By now you might be thinking about all the revenue losses caused by these migrations of assets and practices. Or maybe you think we’re alienating donors. The opposite is true on both fronts. It took AAACF a half century to achieve $75 million in assets, and in the past six years we’ve gotten to $200 million thanks in part to addition by subtraction. Just as important, our growth has been driven by the addition of permanent, board-governed funds. By putting some stakes in the ground on who we are (our community’s endowment) and what we do (leverage permanent community capital to make change through grants, scholarships, and impact investing) we’re attracting more donors and other stakeholders who are more aligned with our philosophies. This is ‘addition by subtraction’ in action. So the next time you are planning for the future, make sure you don’t have a hand tied behind your back: don’t just ask ‘what should we do next,’ ask yourself ‘what should we do less of?’

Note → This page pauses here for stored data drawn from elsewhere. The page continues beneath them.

definition f_contiguous :: "'a::metric_space measure \<Rightarrow> ('a \<Rightarrow> 'b) \<Rightarrow> 'a set \<Rightarrow> bool" where
  "f_contiguous \<mu> f R \<longleftrightarrow> f_connected f R \<and> R \<subseteq> supp_measure \<mu>
      \<and> (\<forall>b\<in>R. \<not> f_boundary_point \<mu> f b)"

definition f_contiguous_component :: "'a::metric_space measure \<Rightarrow> ('a \<Rightarrow> 'b) \<Rightarrow> 'a set \<Rightarrow> bool" where
  "f_contiguous_component \<mu> f C \<longleftrightarrow> f_contiguous \<mu> f C
      \<and> (\<forall>R. f_contiguous \<mu> f R \<and> C \<subseteq> R \<longrightarrow> R = C)"

definition modefreq :: "('a \<Rightarrow> 'b) \<Rightarrow> 'a set \<Rightarrow> nat" where
  "modefreq f A = (if A = {} then 0 else Max ((\<lambda>y. card (A \<inter> f -` {y})) ` (f ` A)))"

text \<open>The set of values attaining the mode frequency (the possible values of mode_f A).\<close>
definition modes :: "('a \<Rightarrow> 'b) \<Rightarrow> 'a set \<Rightarrow> 'b set" where
  "modes f A = {y. card (A \<inter> f -` {y}) = modefreq f A}"

definition nn_sets :: "nat \<Rightarrow> 'a::metric_space set \<Rightarrow> 'a \<Rightarrow> 'a set set" where
  "nn_sets k S x = {V. V \<subseteq> S \<and> card V = min k (card S)
      \<and> (\<forall>v\<in>V. \<forall>s\<in>S - V. dist x v \<le> dist x s)}"
(* Let $R\in\{\mathrm C,\mathrm S\}$, let $p,q\in[0,1]$ be rational numbers with $p<q$, let $I$ be a closed interval with $I\subseteq(0,1)$, and let $\varpi\in\Omega$ be wCH-random for $I$. Then a path $\omega\in\Omega$ is $R$-random for $\varphi^\varpi_{p,q}$ if and only if it is $R$-random for $[p,q]$.
   Context: Notation: $\mathbb N=\{1,2,\dots\}$, $\mathbb N_0=\mathbb N\cup\{0\}$. $\Omega=\{0,1\}^{\mathbb N}$ is the set of paths $\omega=(\omega_1,\omega_2,\dots)$; $\omega_{1:n}=(\omega_1,\dots,\omega_n)$, $\omega_{1:0}=\square$. $\mathbb S=\bigcup_{n\in\mathbb N_0}\{0,1\}^n$ is the set of situations, $|s|$ the length, $sx$ concatenation. For $r\in[0,1]$, $f:\{0,1\}\to\mathbb R$: $E_r(f)=rf(1)+(1-r)f(0)$; for a closed interval $I\subseteq[0,1]$, $\overline E_I(f)=\max_{r\in I}E_r(f)$. A forecasting system is a map $\varphi$ from $\mathbb S$ to closed subintervals of $[0,1]$, $\underline\varphi(s)=\min\varphi(s)$, $\overline\varphi(s)=\max\varphi(s)$; being random for an interval $I$ means being random for the constant forecasting system with value $I$. A real process is $F:\mathbb S\to\mathbb R$; $\Delta F(s)$ is $x\mapsto F(sx)-F(s)$. $M$ is a supermartingale for $\varphi$ if $\overline E_{\varphi(s)}(\Delta M(s))\le0$ for all $s$. A test supermartingale for $\varphi$ is a non-negative supermartingale $T$ for $\varphi$ with $T(\square)=1$. Computability: maps from countable effectively encoded domains to $\mathbb N_0$, $\mathbb Q$ or $\{0,1\}$ are recursive if Turing-computable; a real map $r$ is computable if $|r(d)-q(d,n)|<2^{-n}$ for a recursive rational $q$. $\overline{\mathbb T}_{\mathrm C}(\varphi)=\overline{\mathbb T}_{\mathrm S}(\varphi)$ is the set of positive, rational-valued, recursive test supermartingales for $\varphi$. $\omega$ is C-random for $\varphi$ if no $T\in\overline{\mathbb T}_{\mathrm C}(\varphi)$ has $\limsup_nT(\omega_{1:n})=\infty$. A real growth function is a computable, non-decreasing, unbounded $\tau:\mathbb N_0\to[0,\infty)$; $\omega$ is S-random for $\varphi$ if there are no $T\in\overline{\mathbb T}_{\mathrm S}(\varphi)$ and real growth function $\tau$ with $\limsup_n[T(\omega_{1:n})-\tau(n)]\ge0$. A selection process is $S:\mathbb S\to\{0,1\}$, temporal if $S(s)$ depends only on $|s|$ (written $S(n)$). A path $\varpi$ is wCH-random for $\varphi$ if for every recursive temporal selection process $S$ with $\lim_n\sum_{k=0}^{n-1}S(k)=\infty$: $\liminf_n\frac{\sum_{k=0}^{n-1}S(k)[\varpi_{k+1}-\underline\varphi(\varpi_{1:k})]}{\sum_{k=0}^{n-1}S(k)}\ge0$ and $\limsup_n\frac{\sum_{k=0}^{n-1}S(k)[\varpi_{k+1}-\overline\varphi(\varpi_{1:k})]}{\sum_{k=0}^{n-1}S(k)}\le0$. For $\varpi\in\Omega$, $\varphi^\varpi_{p,q}$ is the precise forecasting system with $\varphi^\varpi_{p,q}(s)=p$ if $\varpi_{|s|+1}=0$ and $\varphi^\varpi_{p,q}(s)=q$ if $\varpi_{|s|+1}=1$. *)

theory Defs
  imports Complex_Main "HOL-Library.Nat_Bijection" "HOL-Library.Extended_Real"
    "HOL-Library.Liminf_Limsup"
begin

datatype recf = Zero | Succ | Proj nat | Comp recf "recf list" | Prim recf recf | Mn recf

inductive eval :: "recf \<Rightarrow> nat list \<Rightarrow> nat \<Rightarrow> bool" where
  ev_zero: "eval Zero xs 0"
| ev_succ: "eval Succ (x # xs) (Suc x)"
| ev_proj: "i < length xs \<Longrightarrow> eval (Proj i) xs (xs ! i)"
| ev_comp: "length ys = length gs \<Longrightarrow> (\<forall>i < length gs. eval (gs ! i) xs (ys ! i))
            \<Longrightarrow> eval f ys z \<Longrightarrow> eval (Comp f gs) xs z"
| ev_prim0: "eval f xs y \<Longrightarrow> eval (Prim f g) (0 # xs) y"
| ev_primS: "eval (Prim f g) (n # xs) y \<Longrightarrow> eval g (y # n # xs) z
            \<Longrightarrow> eval (Prim f g) (Suc n # xs) z"
| ev_mn: "eval f (y # xs) 0 \<Longrightarrow> (\<forall>i < y. \<exists>k. eval f (i # xs) (Suc k))
            \<Longrightarrow> eval (Mn f) xs y"

definition recursive_nat :: "(nat \<Rightarrow> nat) \<Rightarrow> bool" where
  "recursive_nat f \<longleftrightarrow> (\<exists>c. \<forall>n. eval c [n] (f n))"

text \<open>Situations are finite binary sequences (True = 1, False = 0);
encoded bijectively as natural numbers.\<close>
type_synonym sit = "bool list"

fun enc_sit :: "sit \<Rightarrow> nat" where
  "enc_sit [] = 0"
| "enc_sit (b # s) = 2 * enc_sit s + (if b then 2 else 1)"

definition dec_rat :: "nat \<Rightarrow> real" where
  "dec_rat n = (case prod_decode n of (a, b) \<Rightarrow> of_int (int_decode a) / of_nat (Suc b))"

definition recursive_rat_sit :: "(sit \<Rightarrow> real) \<Rightarrow> bool" where
  "recursive_rat_sit F \<longleftrightarrow> (\<exists>g. recursive_nat g \<and> (\<forall>s. F s = dec_rat (g (enc_sit s))))"

definition computable_real_nat :: "(nat \<Rightarrow> real) \<Rightarrow> bool" where
  "computable_real_nat r \<longleftrightarrow> (\<exists>g. recursive_nat g \<and>
      (\<forall>d m. \<bar>r d - dec_rat (g (prod_encode (d, m)))\<bar> < 1 / 2 ^ m))"

text \<open>A path omega :: nat \<Rightarrow> bool; omega k is the (k+1)-th outcome omega_{k+1}.\<close>
definition prefix :: "(nat \<Rightarrow> bool) \<Rightarrow> nat \<Rightarrow> sit" where
  "prefix \<omega> n = map \<omega> [0..<n]"

text \<open>A closed interval [l,u] is represented as a pair (l,u); a forecasting system maps
situations to closed subintervals of [0,1].\<close>
type_synonym fsys = "sit \<Rightarrow> real \<times> real"
lemma negligible_wrt_cmult:
  assumes "negligible_wrt S g" "0 \<le> a" "\<And>x. 0 \<le> S x"
  shows "negligible_wrt S (\<lambda>x. a * g x)"
  unfolding negligible_wrt_def
proof (intro allI impI)
  fix \<eta> :: real assume "0 < \<eta>"
  show "\<exists>C. \<forall>x. a * g x \<le> \<eta> * S x + C"
  proof (cases "a = 0")
    case True
    have "0 \<le> \<eta> * S x" for x
      using \<open>0 < \<eta>\<close> assms(3) by (simp add: mult_nonneg_nonneg)
    then show ?thesis using True by (intro exI[of _ 0]) simp
  next
    case False
    then have "0 < a" using assms(2) by simp
    then have "0 < \<eta> / a" using \<open>0 < \<eta>\<close> by simp
    then obtain C where C: "\<And>x. g x \<le> \<eta> / a * S x + C"
      using negligible_wrtD[OF assms(1)] by blast
    have "a * g x \<le> \<eta> * S x + a * C" for x
    proof -
      have "a * g x \<le> a * (\<eta> / a * S x + C)"
        using \<open>0 < a\<close> C by (intro mult_left_mono) auto
      also have "\<dots> = \<eta> * S x + a * C"
        using \<open>0 < a\<close> by (simp add: field_simps)
      finally show ?thesis .
    qed
    then show ?thesis by blast
  qed
qed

As the CEO, Neel is excited every day by the opportunity to lead AAACF’s staff and board in their collective efforts to maximize community impact – work for which he has earned both statewide and national recognition. After obtaining his JD from the University of Michigan Law School, Neel worked as a corporate attorney at Ford Motor Company. It was during a one-year sabbatical from Ford that Neel developed his passion for supporting the community through the nonprofit sector. That sabbatical turned into a nine year tenure at Nonprofit Enterprise at Work (NEW), including two years as NEW’s President & CEO. During this time, he led all aspects of NEW’s development efforts, services, and operations, supporting more than 400 nonprofits per year. Since joining AAACF’s staff in 2011 and becoming CEO in 2015, Neel continues his intense focus on producing positive change in Washtenaw County, where he was born and raised. He also helps develop the nonprofit field through a graduate course he teaches at the University of Michigan’s Gerald R. Ford School for Public Policy.